A question is can you get an old behavior easily under DataFrames.jl 1.0?
The answer is yes. It is enough to pass :auto
as a second positional argument
to treat any AbstractMatrix
the old way. The key point here is that :auto
adds a second argument to a constructor, which allows to disambiguate this call
and make sure we do not try a Tables.jl fallback. So continuing our last example
we have:
julia> DataFrame(sol1, :auto)
3×61 DataFrame
Row │ x1 x2 x3 x4 x5 x6 ⋯
│ Float64 Float64 Float64 Float64 Float64 Float64 ⋯
─────┼───────────────────────────────────────────────────────────────────────
1 │ 1.0 0.999925 0.999178 0.995241 0.989338 0.977794 ⋯
2 │ 0.0 0.000209532 0.00230391 0.0134134 0.0302987 0.0641965
3 │ 0.0 7.83999e-10 9.47873e-8 3.21298e-6 1.63912e-5 7.35689e-5
55 columns omitted
Here are some more examples (still on main
):
julia> DataFrame([1 2; 3 4])
ERROR: ArgumentError: `DataFrame` constructor from a `Matrix` requires passing :auto as a second argument to automatically generate column names: `DataFrame(matrix, :auto)`
julia> DataFrame([1 2; 3 4], :auto) # auto generated column names
2×2 DataFrame
Row │ x1 x2
│ Int64 Int64
─────┼──────────────
1 │ 1 2
2 │ 3 4
julia> DataFrame([1 2; 3 4], [:c1, :c2]) # passing column names explicitly
2×2 DataFrame
Row │ c1 c2
│ Int64 Int64
─────┼──────────────
1 │ 1 2
2 │ 3 4
So as you can see the fix is easy.
Finally let me comment that another common similar case is a vector of vectors
being passed to a DataFrame
constructor. It follows the same rules:
julia> DataFrame([1:2, 3:4])
ERROR: ArgumentError: `DataFrame` constructor from a `Vector` of vectors requires passing :auto as a second argument to automatically generate column names: `DataFrame(vecs, :auto)`
julia> DataFrame([1:2, 3:4], :auto)
2×2 DataFrame
Row │ x1 x2
│ Int64 Int64
─────┼──────────────
1 │ 1 3
2 │ 2 4
julia> DataFrame([1:2, 3:4], [:c1, :c2])
2×2 DataFrame
Row │ c1 c2
│ Int64 Int64
─────┼──────────────
1 │ 1 3
2 │ 2 4
Again - using Tables.jl default behavior would get you something unexpected (unless you are really deep into Tables.jl mechanics 😄):
julia> DataFrame(Tables.columntable([1:2, 3:4]))
2×2 DataFrame
Row │ start stop
│ Int64 Int64
─────┼──────────────
1 │ 1 2
2 │ 3 4
Conclusions
We have tried very hard to make things in DataFrames.jl 1.0 maximally consistent with the whole Julia package ecosystem while allowing a relatively easy handling of common data processing tasks.

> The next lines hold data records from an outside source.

text \<open>Write \<lambda>_a(y) = a \<circ> y - a and N_a = \<lambda>_a - 1, so that N_a(y) = a * y. Both maps are
  additive, and the \<circ>-power a^\<circ>m = \<Sum>_k (m choose k+1) N_a^k(a) is a polynomial in N_a applied
  to a. Since \<lambda>_a has order dividing p^n, the congruence (1 + N)^(p^n) \<equiv> 1 + N^(p^n) (mod p)
  shows N_a^(p^n)(A) \<subseteq> pA, hence N_a^(n p^n)(A) \<subseteq> p^n A = 0. The images of the powers of N_a
  thus form a descending chain of subgroups of (A, +) that strictly decreases until it reaches 0,
  whence N_a^n = 0. For p > n the term N_a^(p-1)(a) of a^\<circ>p vanishes, leaving a^\<circ>p = u(pa) with
  u = 1 + N_a h(N_a) injective; by induction a^\<circ>(p^i) = 0 iff p^i a = 0. So ann(p^i) consists of
  the elements whose \<circ>-order divides p^i and is closed under \<circ>-inverses and conjugation.
  Closure under +, \<circ> and a * - holds in any brace because \<lambda>_a and N_a are additive.\<close>

lemma add_power_prime:
  fixes x y :: "'b::comm_semiring_1"
  assumes "Factorial_Ring.prime (p::nat)"
  shows "\<exists>s. (x + y) ^ p = x ^ p + y ^ p + of_nat p * s"
proof -
  have p: "p \<ge> 2" using assms prime_ge_2_nat by blast
  have middle: "(of_nat (p choose k) :: 'b) = of_nat p * of_nat ((p choose k) div p)"
    if "k \<in> {1..<p}" for k
    using dvd_choose_prime[OF _ _ _ assms, of k] that by (simp flip: of_nat_mult)
  have "{..p} = insert 0 (insert p {1..<p})" using p by auto
  then have "(x + y) ^ p = x ^ p + y ^ p +
      (\<Sum>k\<in>{1..<p}. of_nat (p choose k) * x ^ k * y ^ (p - k))"
    using p by (simp add: binomial_ring add_ac)
  also have "\<dots> = x ^ p + y ^ p +
      of_nat p * (\<Sum>k\<in>{1..<p}. of_nat ((p choose k) div p) * x ^ k * y ^ (p - k))"
    by (auto simp: middle sum_distrib_left mult.assoc intro!: sum.cong)
  finally show ?thesis by blast
qed

lemma one_add_power_prime_power:
  fixes x :: "'b::comm_semiring_1"
  assumes "Factorial_Ring.prime (p::nat)"
  shows "\<exists>r. (1 + x) ^ (p ^ m) = 1 + x ^ (p ^ m) + of_nat p * r"
proof (induction m)
  case 0
  show ?case by (rule exI[of _ 0]) simp
next
  case (Suc m)
  then obtain r where r: "(1 + x) ^ (p ^ m) = 1 + x ^ (p ^ m) + of_nat p * r" by blast
  obtain s where s: "(1 + x ^ (p ^ m) + of_nat p * r) ^ p
      = (1 + x ^ (p ^ m)) ^ p + (of_nat p * r) ^ p + of_nat p * s"
    using add_power_prime[OF assms] by blast
  obtain t where t: "(1 + x ^ (p ^ m)) ^ p = 1 + x ^ (p ^ Suc m) + of_nat p * t"
    using add_power_prime[OF assms, of 1 "x ^ (p ^ m)"] by (auto simp: power_mult[symmetric] mult.commute)
  have "(of_nat p * r) ^ p = (of_nat p :: 'b) * (of_nat p ^ (p - 1) * r ^ p)"
    using prime_gt_0_nat[OF assms] by (cases p) (simp_all add: power_mult_distrib mult_ac)
  then have "(1 + x) ^ (p ^ Suc m) = 1 + x ^ (p ^ Suc m) + of_nat p * (t + of_nat p ^ (p - 1) * r ^ p + s)"
    using r s t by (simp add: power_mult mult.commute[of p] distrib_left add_ac)
  then show ?case by blast
qed
lemma L2_converges_iff_integral:
  "L2_converges fs f \<longleftrightarrow> (\<lambda>n. \<integral>x. (fs n x - f x)\<^sup>2 \<partial>haar_Z2) \<longlonglongrightarrow> 0"
proof
  assume "L2_converges fs f"
  then have "(\<lambda>n. (sqrt (\<integral>x. (fs n x - f x)\<^sup>2 \<partial>haar_Z2))\<^sup>2) \<longlonglongrightarrow> 0\<^sup>2"
    unfolding L2_converges_def L2_norm_def by (rule tendsto_power)
  moreover have "0 \<le> (\<integral>x. (fs n x - f x)\<^sup>2 \<partial>haar_Z2)" for n
    by (rule integral_nonneg_AE) simp
  ultimately show "(\<lambda>n. \<integral>x. (fs n x - f x)\<^sup>2 \<partial>haar_Z2) \<longlonglongrightarrow> 0"
    by simp
next
  assume "(\<lambda>n. \<integral>x. (fs n x - f x)\<^sup>2 \<partial>haar_Z2) \<longlonglongrightarrow> 0"
  then have "(\<lambda>n. sqrt (\<integral>x. (fs n x - f x)\<^sup>2 \<partial>haar_Z2)) \<longlonglongrightarrow> sqrt 0"
    by (rule tendsto_real_sqrt)
  then show "L2_converges fs f"
    unfolding L2_converges_def L2_norm_def by simp
qed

Conversion from a matrix to a DataFrame
is one of common hard corner cases
affected. I hope this post explains you the rationale behind the design
decisions taken in DataFrames.jl 1.0 release in this area and ways how the
DataFrame
constructor should be used to give you desired results.